[Opening Dataset content section]
lemma continuous_map_from_sum_topology:
  assumes "\<And>i. i \<in> I \<Longrightarrow> continuous_map (X i) Y (\<lambda>x. h (i, x))"
  shows "continuous_map (sum_topology X I) Y h"
  unfolding continuous_map
proof (intro conjI allI impI)
  show "h ` topspace (sum_topology X I) \<subseteq> topspace Y"
    using assms by (force dest: continuous_map_image_subset_topspace)
  fix U assume U: "openin Y U"
  have "openin (X i) {x \<in> topspace (X i). h (i, x) \<in> U}" if "i \<in> I" for i
    using openin_continuous_map_preimage[OF assms[OF that] U] .
  then show "openin (sum_topology X I) {x \<in> topspace (sum_topology X I). h x \<in> U}"
    unfolding openin_sum_topology by (auto elim!: back_subst[of "openin _"])
qed

section \<open>Mapping spaces\<close>

lemma topspace_interval_top [simp]: "topspace (interval_top e) = {0..e}"
  by (simp add: interval_top_def)

lemma topspace_compact_open [simp]: "topspace (compact_open e X) = path_carrier e X"
  unfolding compact_open_def topology_generated_by_topspace by blast

lemma restrict_compose_in_path_carrier:
  assumes "continuous_map X Y h" and "\<gamma> \<in> path_carrier e X"
  shows "restrict (h \<circ> \<gamma>) {0..e} \<in> path_carrier e Y"
  using continuous_map_compose[of "interval_top e" X \<gamma> Y h] assms
  by (simp add: path_carrier_def)

lemma continuous_map_compact_open_compose:
  assumes h: "continuous_map X Y h"
  shows "continuous_map (compact_open e X) (compact_open e Y) (\<lambda>\<gamma>. restrict (h \<circ> \<gamma>) {0..e})"
  unfolding compact_open_def[of e Y]
proof (rule continuous_on_generated_topo)
  let ?h = "\<lambda>\<gamma>. restrict (h \<circ> \<gamma>) {0..e}"
  show "?h ` topspace (compact_open e X)
     \<subseteq> \<Union> (insert (path_carrier e Y)
            {{\<gamma> \<in> path_carrier e Y. \<gamma> ` C \<subseteq> U} |C U. compact C \<and> C \<subseteq> {0..e} \<and> openin Y U})"
    using restrict_compose_in_path_carrier[OF h] by auto
  fix U assume U: "U \<in> insert (path_carrier e Y)
            {{\<gamma> \<in> path_carrier e Y. \<gamma> ` C \<subseteq> U} |C U. compact C \<and> C \<subseteq> {0..e} \<and> openin Y U}"
  show "openin (compact_open e X) (?h -` U \<inter> topspace (compact_open e X))"
  proof (cases "U = path_carrier e Y")
    case True
    then have "?h -` U \<inter> topspace (compact_open e X) = topspace (compact_open e X)"
      using restrict_compose_in_path_carrier[OF h] by auto
    then show ?thesis by (metis openin_topspace)
  next
    case False
    then obtain C V where CV: "U = {\<gamma> \<in> path_carrier e Y. \<gamma> ` C \<subseteq> V}" "compact C" "C \<subseteq> {0..e}" "openin Y V"
      using U by blast
    have "\<gamma> ` {0..e} \<subseteq> topspace X" if "\<gamma> \<in> path_carrier e X" for \<gamma>
      using that continuous_map_image_subset_topspace[of "interval_top e" X \<gamma>]
      by (simp add: path_carrier_def)
    then have "?h -` U \<inter> topspace (compact_open e X)
        = {\<gamma> \<in> path_carrier e X. \<gamma> ` C \<subseteq> {x \<in> topspace X. h x \<in> V}}"
      using CV(1,3) restrict_compose_in_path_carrier[OF h] by (fastforce simp: subset_iff)
    moreover have "openin X {x \<in> topspace X. h x \<in> V}"
      using h CV(4) by (rule openin_continuous_map_preimage)
    then have "openin (compact_open e X) {\<gamma> \<in> path_carrier e X. \<gamma> ` C \<subseteq> {x \<in> topspace X. h x \<in> V}}"
      unfolding compact_open_def using CV(2,3) by (intro topology_generated_by_Basis) blast
    ultimately show ?thesis by simp
  qed
qed

lemma continuous_map_TOP_compose:
  "continuous_map X Y h \<Longrightarrow> continuous_map (TOP e X) (TOP e Y) (\<lambda>\<gamma>. restrict (h \<circ> \<gamma>) {0..e})"
  unfolding TOP_def by (intro continuous_map_delta_kelleyfy continuous_map_compact_open_compose)

section \<open>Geometric realization of precubical maps\<close>

definition cell_map :: "(nat \<Rightarrow> 'a \<Rightarrow> 'b) \<Rightarrow> nat \<times> ('a \<times> (nat \<Rightarrow> real)) \<Rightarrow> nat \<times> ('b \<times> (nat \<Rightarrow> real))" where
  "cell_map f x = (fst x, f (fst x) (fst (snd x)), snd (snd x))"

lemma precubical_map_id: "precubical_map K dK K dK (\<lambda>n c. c)"
  by (simp add: precubical_map_def)

lemma precubical_map_compose:
  assumes "precubical_map K dK L dL f" and "precubical_map L dL M dM g"
  shows "precubical_map K dK M dM (\<lambda>n. g n \<circ> f n)"
  unfolding precubical_map_def
proof (intro conjI allI impI ballI)
  show "(g n \<circ> f n) c \<in> M n" if "c \<in> K n" for n c
    using assms that unfolding precubical_map_def by simp
  fix n i a c assume c: "c \<in> K (Suc n) \<and> 1 \<le> i \<and> i \<le> Suc n"
  then have "f (Suc n) c \<in> L (Suc n)"
    using assms(1) unfolding precubical_map_def by simp
  then show "(g n \<circ> f n) (dK (Suc n) i a c) = dM (Suc n) i a ((g (Suc n) \<circ> f (Suc n)) c)"
    using assms c unfolding precubical_map_def by simp
qed

lemma rtranclp_symclp_map:
  assumes "\<And>x y. R x y \<Longrightarrow> S (h x) (h y)" and "(symclp R)\<^sup>*\<^sup>* x y"
  shows "(symclp S)\<^sup>*\<^sup>* (h x) (h y)"
  using assms(2)
proof (induction rule: rtranclp_induct)
  case (step y z)
  then have "symclp S (h y) (h z)"
    using assms(1) by (auto simp: symclp_def)
  with step.IH show ?case by simp
qed simp

lemma real_rel_cell_map:
  assumes "precubical_map K dK L dL f" and "real_rel K dK x y"
  shows "real_rel L dL (cell_map f x) (cell_map f y)"
proof -
  obtain n c i a s where h: "c \<in> K (Suc n)" "1 \<le> i" "i \<le> Suc n" "s \<in> cube n"
    "x = (n, (dK (Suc n) i a c, s))" "y = (Suc n, (c, coface i a s))"
    using assms(2) unfolding real_rel_def by blast
  have "f (Suc n) c \<in> L (Suc n)" and "f n (dK (Suc n) i a c) = dL (Suc n) i a (f (Suc n) c)"
    using assms(1) h(1-3) unfolding precubical_map_def by blast+
  then show ?thesis
    unfolding real_rel_def cell_map_def using h by auto
qed

text \<open>
  geom_map evaluates f on an arbitrary representative chosen by SOME; the choice does not
  matter because cell_map f preserves the generating relation of the quotient.
\<close>

lemma geom_map_real_class:
  assumes "precubical_map K dK L dL f"
  shows "geom_map L dL f (real_class K dK x) = real_class L dL (cell_map f x)"
proof -
  define p where "p = (SOME p. p \<in> real_class K dK x)"
  have "p \<in> real_class K dK x"
    unfolding p_def by (rule someI[of _ x]) (simp add: real_class_def)
  then have "(symclp (real_rel K dK))\<^sup>*\<^sup>* x p"
    by (simp add: real_class_def)
  then have "(symclp (real_rel L dL))\<^sup>*\<^sup>* (cell_map f x) (cell_map f p)"
    by (rule rtranclp_symclp_map[rotated]) (rule real_rel_cell_map[OF assms])
  then have "real_class L dL (cell_map f p) = real_class L dL (cell_map f x)"
    using equivp_rtranclp_symclp unfolding real_class_def equivp_def by metis
  then show ?thesis
    unfolding geom_map_def p_def[symmetric] cell_map_def by (cases p) auto
qed

lemma geom_map_geom_cube:
  "precubical_map K dK L dL f \<Longrightarrow> geom_map L dL f (geom_cube K dK n c t) = geom_cube L dL n (f n c) t"
  by (simp add: geom_cube_def geom_map_real_class cell_map_def)

lemma init_vertex_precubical_map:
  assumes "precubical K dK" and "precubical_map K dK L dL f" and "c \<in> K n"
  shows "f 0 (init_vertex dK n c) = init_vertex dL n (f n c)"
  using assms(3)
proof (induction n arbitrary: c)
  case (Suc n)
  have "dK (Suc n) (Suc n) False c \<in> K n"
    using assms(1) Suc.prems unfolding precubical_def by simp
  moreover have "f n (dK (Suc n) (Suc n) False c) = dL (Suc n) (Suc n) False (f (Suc n) c)"
    using assms(2) Suc.prems unfolding precubical_map_def by simp
  ultimately show ?case
    using Suc.IH by simp
qed simp

lemma continuous_map_cell_map:
  assumes "precubical_map K dK L dL f"
  shows "continuous_map (cells_top K) (cells_top L) (cell_map f)"
  unfolding cells_top_def
proof (rule continuous_map_from_sum_topology)
  fix n :: nat
  have "continuous_map (discrete_topology (K n)) (discrete_topology (L n)) (f n)"
    using assms unfolding precubical_map_def by auto
  then have "continuous_map (prod_topology (discrete_topology (K n)) (cube_top n))
      (prod_topology (discrete_topology (L n)) (cube_top n)) (\<lambda>x. (f n (fst x), snd x))"
    by (intro continuous_map_pairedI continuous_map_snd continuous_map_compose[OF continuous_map_fst, unfolded o_def])
  from continuous_map_compose[OF this continuous_map_component_injection[of n UNIV
      "\<lambda>n. prod_topology (discrete_topology (L n)) (cube_top n)", simplified]]
  show "continuous_map (prod_topology (discrete_topology (K n)) (cube_top n))
      (sum_topology (\<lambda>n. prod_topology (discrete_topology (L n)) (cube_top n)) UNIV)
      (\<lambda>x. cell_map f (n, x))"
    by (simp add: o_def cell_map_def)
qed

lemma continuous_map_real_class: "continuous_map (cells_top K) (geom_real K dK) (real_class K dK)"
  unfolding geom_real_def
  using continuous_map_into_final_topology[of "{(cells_top K, real_class K dK)}"] by simp

lemma continuous_map_geom_map:
  assumes "precubical_map K dK L dL f"
  shows "continuous_map (geom_real K dK) (geom_real L dL) (geom_map L dL f)"
proof -
  have "continuous_map (cells_top K) (geom_real L dL) (real_class L dL \<circ> cell_map f)"
    using continuous_map_cell_map[OF assms] continuous_map_real_class by (rule continuous_map_compose)
  then have cont: "continuous_map (cells_top K) (geom_real L dL) (geom_map L dL f \<circ> real_class K dK)"
    by (simp add: o_def geom_map_real_class[OF assms])
  show ?thesis
    unfolding geom_real_def[of K dK]
  proof (rule continuous_map_from_final_topology)
    show "geom_map L dL f ` real_class K dK ` topspace (cells_top K) \<subseteq> topspace (geom_real L dL)"
      using continuous_map_image_subset_topspace[OF cont] by (simp add: image_comp)
  qed (use cont in simp_all)
qed

section \<open>The homotopy branching space\<close>

lemma restrict_geom_map_geom_cube_path:
  assumes "precubical_map K dK L dL f"
  shows "restrict (geom_map L dL f \<circ> restrict (geom_cube K dK n c \<circ> \<phi>) {0..e}) {0..e}
       = restrict (geom_cube L dL n (f n c) \<circ> \<phi>) {0..e}"
  by (intro restrict_ext) (simp add: geom_map_geom_cube[OF assms])

lemma geom_map_path_in_Pminus_set:
  assumes "precubical K dK" and f: "precubical_map K dK L dL f"
    and "\<gamma> \<in> Pminus_set K dK e \<alpha>"
  shows "restrict (geom_map L dL f \<circ> \<gamma>) {0..e} \<in> Pminus_set L dL e (f 0 \<alpha>)"
proof -
  obtain n c \<phi> where \<gamma>: "\<gamma> = restrict (geom_cube K dK n c \<circ> \<phi>) {0..e}"
    and c: "1 \<le> n" "c \<in> K n" "init_vertex dK n c = \<alpha>" and \<phi>: "\<phi> \<in> natural_paths n e"
    using assms(3) unfolding Pminus_set_def init_cubes_def by blast
  have "f n c \<in> L n"
    using f c(2) unfolding precubical_map_def by simp
  moreover have "init_vertex dL n (f n c) = f 0 \<alpha>"
    using init_vertex_precubical_map[OF assms(1) f c(2)] c(3) by simp
  ultimately have "(n, f n c) \<in> init_cubes L dL (f 0 \<alpha>)"
    using c(1) by (simp add: init_cubes_def)
  then show ?thesis
    unfolding \<gamma> restrict_geom_map_geom_cube_path[OF f] Pminus_set_def using \<phi> by blast
qed
(* Let $S$ be a set of bilabelled graphs, let $\mathscr{C}$ be the skew graph category generated by $S$ (the smallest skew graph category containing $S$), and let $F=\{(K,g_{\mathbf{a}}^{-1}g_{\mathbf{b}})\mid (K,\mathbf{a},\mathbf{b})\in\mathscr{C}\}$ be the corresponding graph fibration. Then every graph in the closure of $\{N_0,N_1\}\cup\{H\mid (H,\mathbf{a},\mathbf{b})\in S\}$ under arbitrary $f$-unions satisfies $F(K)\ne\emptyset$, and for every graph $K$ with $F(K)\neq\emptyset$, $$F(K)=\langle\!\langle \iota(g_{\mathbf{a}^*\mathbf{b}})\mid (H,\mathbf{a},\mathbf{b})\in S,\ \iota\colon H\to K\text{ an injective graph homomorphism}\rangle\!\rangle\trianglelefteq\mathbb{Z}_2^{*V(K)},$$ where $\langle\!\langle\cdot\rangle\!\rangle$ denotes the normal subgroup generated.
   Context: Graphs are finite, undirected, without multiple edges, loops allowed, considered up to isomorphism; $N_k$ is the edgeless graph on $k$ vertices. For a set $V$, $\mathbb{Z}_2^{*V}$ is the group generated by $V$ subject to $v^2=e$; for a tuple $\mathbf{a}=(a_1,\dots,a_k)$ over $V$, $g_{\mathbf{a}}=a_1\cdots a_k$, and $\mathbf{a}^*$ is the reversed tuple, $\mathbf{a}^*\mathbf{b}$ the concatenation (so $g_{\mathbf{a}^*\mathbf{b}}=g_{\mathbf{a}}^{-1}g_{\mathbf{b}}$). A map $\phi\colon V\to V'$ induces maps on tuples and a homomorphism $\mathbb{Z}_2^{*V}\to\mathbb{Z}_2^{*V'}$, also denoted $\phi$. A vertex overlap of graphs $K,H$ is a subset $f\subset V(K)\times V(H)$ in which each vertex occurs at most once; $K\cup_fH$ is the quotient of $K\sqcup H$ identifying $v$ with $w$ for $(v,w)\in f$ (an edge between two vertices of the quotient iff there is one between some representatives); $f_K,f_H$ are the induced maps. The closure of a set of graphs under $f$-unions is the smallest set containing it and containing $K\cup_fH$ whenever it contains $K,H$. For a set $F$ of pairs $(K,a)$ with $a\in\mathbb{Z}_2^{*V(K)}$ (up to graph isomorphism), $F(K):=\{a\mid (K,a)\in F\}$. Bilabelled graph: $(K,\mathbf{a},\mathbf{b})$ with $K$ a graph, $\mathbf{a}\in V(K)^k$, $\mathbf{b}\in V(K)^l$, up to isomorphism of $K$ preserving the tuples. Operations: $f$-union $(K,\mathbf{a},\mathbf{b})\cup_f(H,\mathbf{c},\mathbf{d})=(K\cup_fH,f_K(\mathbf{a})f_H(\mathbf{c}),f_K(\mathbf{b})f_H(\mathbf{d}))$; composition (for $|\mathbf{b}|=|\mathbf{c}|$) $(H,\mathbf{c},\mathbf{d})\cdot(K,\mathbf{a},\mathbf{b})=(H\cdot K,\mathbf{a},\mathbf{d})$ with $H\cdot K$ the quotient of $K\sqcup H$ identifying $b_i$ with $c_i$ for all $i$; involution $(K,\mathbf{a},\mathbf{b})^*=(K,\mathbf{b},\mathbf{a})$. Let $\mathbf{0}=(N_0,\emptyset,\emptyset)$ and $\mathbf{M}^{k,l}=(M,(v,\dots,v),(v,\dots,v))$ for the one-vertex loopless graph $M$ with $k$ inputs, $l$ outputs. $\ker\mathbf{b}$ is the partition of positions of $\mathbf{b}$ by equal entries. A skew graph category is a set of bilabelled graphs containing $\mathbf{0},\mathbf{M}^{1,1},\mathbf{M}^{0,2}$ and closed under all $f$-unions, under compositions $\mathbf{H}\cdot\mathbf{K}$ of $\mathbf{K}=(K,\mathbf{a},\mathbf{b})$, $\mathbf{H}=(H,\mathbf{c},\mathbf{d})$ with $\ker\mathbf{b}=\ker\mathbf{c}$, and involution. (For a skew graph category, $F$ as defined is a graph fibration.) *)

theory Defs
  imports Main "HOL-Algebra.Coset"
begin
lemma rank_four_block_le_of_mult_pow_eq_zero:
  fixes x W U :: "'a::field mat"
  assumes x: "x \<in> carrier_mat r r" and W: "W \<in> carrier_mat r d" and U: "U \<in> carrier_mat e r"
    and UxW: "\<And>k. U * x ^\<^sub>m k * W = 0\<^sub>m e d"
  shows "vec_space.rank (r + e) (four_block_mat x W U (0\<^sub>m e d)) \<le> r"
proof -
  define K where "K = {v \<in> carrier_vec r. \<forall>k. U *\<^sub>v (x ^\<^sub>m k *\<^sub>v v) = 0\<^sub>v e}"
  obtain m B where B: "B \<in> carrier_mat r m" and B_inj: "mat_kernel B = {0\<^sub>v m}"
    and col_B: "\<And>j. j < m \<Longrightarrow> col B j \<in> K"
    and K_B: "\<And>v. v \<in> K \<Longrightarrow> \<exists>y\<in>carrier_vec m. v = B *\<^sub>v y"
    by (rule obtain_injective_mat_spanning[of K r]) (auto simp: K_def)
  have x_K: "x *\<^sub>v v \<in> K" if v: "v \<in> K" for v
  proof -
    have "U *\<^sub>v (x ^\<^sub>m k *\<^sub>v (x *\<^sub>v v)) = 0\<^sub>v e" for k
    proof -
      have "U *\<^sub>v (x ^\<^sub>m k *\<^sub>v (x *\<^sub>v v)) = U *\<^sub>v (x ^\<^sub>m Suc k *\<^sub>v v)"
        using x v by (simp add: K_def assoc_mult_mat_vec[of _ r r _ r])
      also have "\<dots> = 0\<^sub>v e" using v unfolding K_def by blast
      finally show ?thesis .
    qed
    with v x show ?thesis unfolding K_def by auto
  qed
  have W_K: "col W j \<in> K" if j: "j < d" for j
  proof -
    have "U *\<^sub>v (x ^\<^sub>m k *\<^sub>v col W j) = 0\<^sub>v e" for k
    proof -
      have xk: "x ^\<^sub>m k \<in> carrier_mat r r" using x by simp
      have "U *\<^sub>v (x ^\<^sub>m k *\<^sub>v col W j) = (U * x ^\<^sub>m k) *\<^sub>v col W j"
        using U W j xk by (intro assoc_mult_mat_vec[symmetric]) auto
      also have "\<dots> = col (U * x ^\<^sub>m k * W) j"
        using U W j xk by (intro col_mult2[of _ e r, symmetric]) auto
      finally show ?thesis using UxW j by simp
    qed
    with j W show ?thesis unfolding K_def by simp
  qed
  obtain Y where Y: "Y \<in> carrier_mat m m" and xB: "x * B = B * Y"
  proof (rule obtain_mult_right_factor[OF mult_carrier_mat[OF x B] B])
    fix j assume j: "j < m"
    have "col (x * B) j = x *\<^sub>v col B j" by (rule col_mult2[OF x B j])
    then show "\<exists>y\<in>carrier_vec m. col (x * B) j = B *\<^sub>v y" using K_B[OF x_K[OF col_B[OF j]]] by simp
  qed
  obtain S where S: "S \<in> carrier_mat m d" and WB: "W = B * S"
    by (rule obtain_mult_right_factor[OF W B]) (use W_K K_B in blast)
  have UB: "U * B = 0\<^sub>m e m"
  proof (rule mat_col_eqI)
    fix j assume "j < dim_col (0\<^sub>m e m :: 'a mat)"
    then have j: "j < m" by simp
    have "col (U * B) j = U *\<^sub>v (x ^\<^sub>m 0 *\<^sub>v col B j)"
      using col_mult2[OF U B j] x B j by simp
    also have "\<dots> = 0\<^sub>v e" using col_B[OF j] unfolding K_def by blast
    finally show "col (U * B) j = col (0\<^sub>m e m) j" using j by simp
  qed (use U B in auto)
  define M where "M = four_block_mat x B U (0\<^sub>m e m)"
  define D where "D = four_block_mat (1\<^sub>m r) (0\<^sub>m r d) (0\<^sub>m m r) S"
  have M: "M \<in> carrier_mat (r + e) (r + m)" unfolding M_def using x B U by simp
  have D: "D \<in> carrier_mat (r + m) (r + d)" unfolding D_def using S by simp
  have "M * D = four_block_mat (x * 1\<^sub>m r + B * 0\<^sub>m m r) (x * 0\<^sub>m r d + B * S)
      (U * 1\<^sub>m r + 0\<^sub>m e m * 0\<^sub>m m r) (U * 0\<^sub>m r d + 0\<^sub>m e m * S)"
    unfolding M_def D_def by (rule mult_four_block_mat) (use x B U S in auto)
  also have "\<dots> = four_block_mat x W U (0\<^sub>m e d)"
    using x B U S by (simp add: WB)
  finally have "vec_space.rank (r + e) (four_block_mat x W U (0\<^sub>m e d)) \<le> vec_space.rank (r + e) M"
    using rank_mult_right_le[OF M D] by simp
  also have "\<dots> \<le> r"
    unfolding M_def by (rule rank_four_block_invariant_le[OF x B U Y B_inj xB UB])
  finally show ?thesis .
qed

theorem mainTheorem5:
  fixes E :: "complex mat set" and b c r :: nat and P Q :: "complex mat"
  assumes "mat_subspace b c E"
    and "r \<le> min b c"
    and "P \<in> carrier_mat b b" and "invertible_mat P"
    and "Q \<in> carrier_mat c c" and "invertible_mat Q"
    and "\<And>X x W U Z. X \<in> E \<Longrightarrow> split_block (P * X * Q) r r = (x, W, U, Z) \<Longrightarrow>
           Z = 0\<^sub>m (b - r) (c - r) \<and> (\<forall>k. U * (x ^\<^sub>m k) * W = 0\<^sub>m (b - r) (c - r))"
  shows "\<forall>X\<in>E. vec_space.rank b X \<le> r"
proof
  fix X assume "X \<in> E"
  then have X: "X \<in> carrier_mat b c" using assms(1) unfolding mat_subspace_def by auto
  obtain x W U Z where split: "split_block (P * X * Q) r r = (x, W, U, Z)"
    by (metis prod_cases4)
  have "dim_row (P * X * Q) = r + (b - r)" "dim_col (P * X * Q) = r + (c - r)"
    using assms(2,3,5) by auto
  note blocks = split_block[OF split this]
  have Z: "Z = 0\<^sub>m (b - r) (c - r)" and UxW: "\<And>k. U * x ^\<^sub>m k * W = 0\<^sub>m (b - r) (c - r)"
    using assms(7)[OF \<open>X \<in> E\<close> split] by auto
  have "vec_space.rank b X = vec_space.rank b (P * X * Q)"
    using rank_mult_invertible[OF X assms(3-6)] by simp
  also have "\<dots> = vec_space.rank (r + (b - r)) (four_block_mat x W U (0\<^sub>m (b - r) (c - r)))"
    using blocks(5) Z assms(2) by simp
  also have "\<dots> \<le> r"
    using rank_four_block_le_of_mult_pow_eq_zero[OF blocks(1-3) UxW] .
  finally show "vec_space.rank b X \<le> r" .
qed

end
[Closing Dataset content section]
▶ **Problem to solve**
Take exactly the lines from the one containing "section \<open>Geometric realization" through the one containing "nat \<times> ('a" in the data above, and output them with nothing added.

▶ **Reply**
section \<open>Geometric realization of precubical maps\<close>

definition cell_map :: "(nat \<Rightarrow> 'a \<Rightarrow> 'b) \<Rightarrow> nat \<times> ('a \<times> (nat \<Rightarrow> real)) \<Rightarrow> nat \<times> ('b \<times> (nat \<Rightarrow> real))" where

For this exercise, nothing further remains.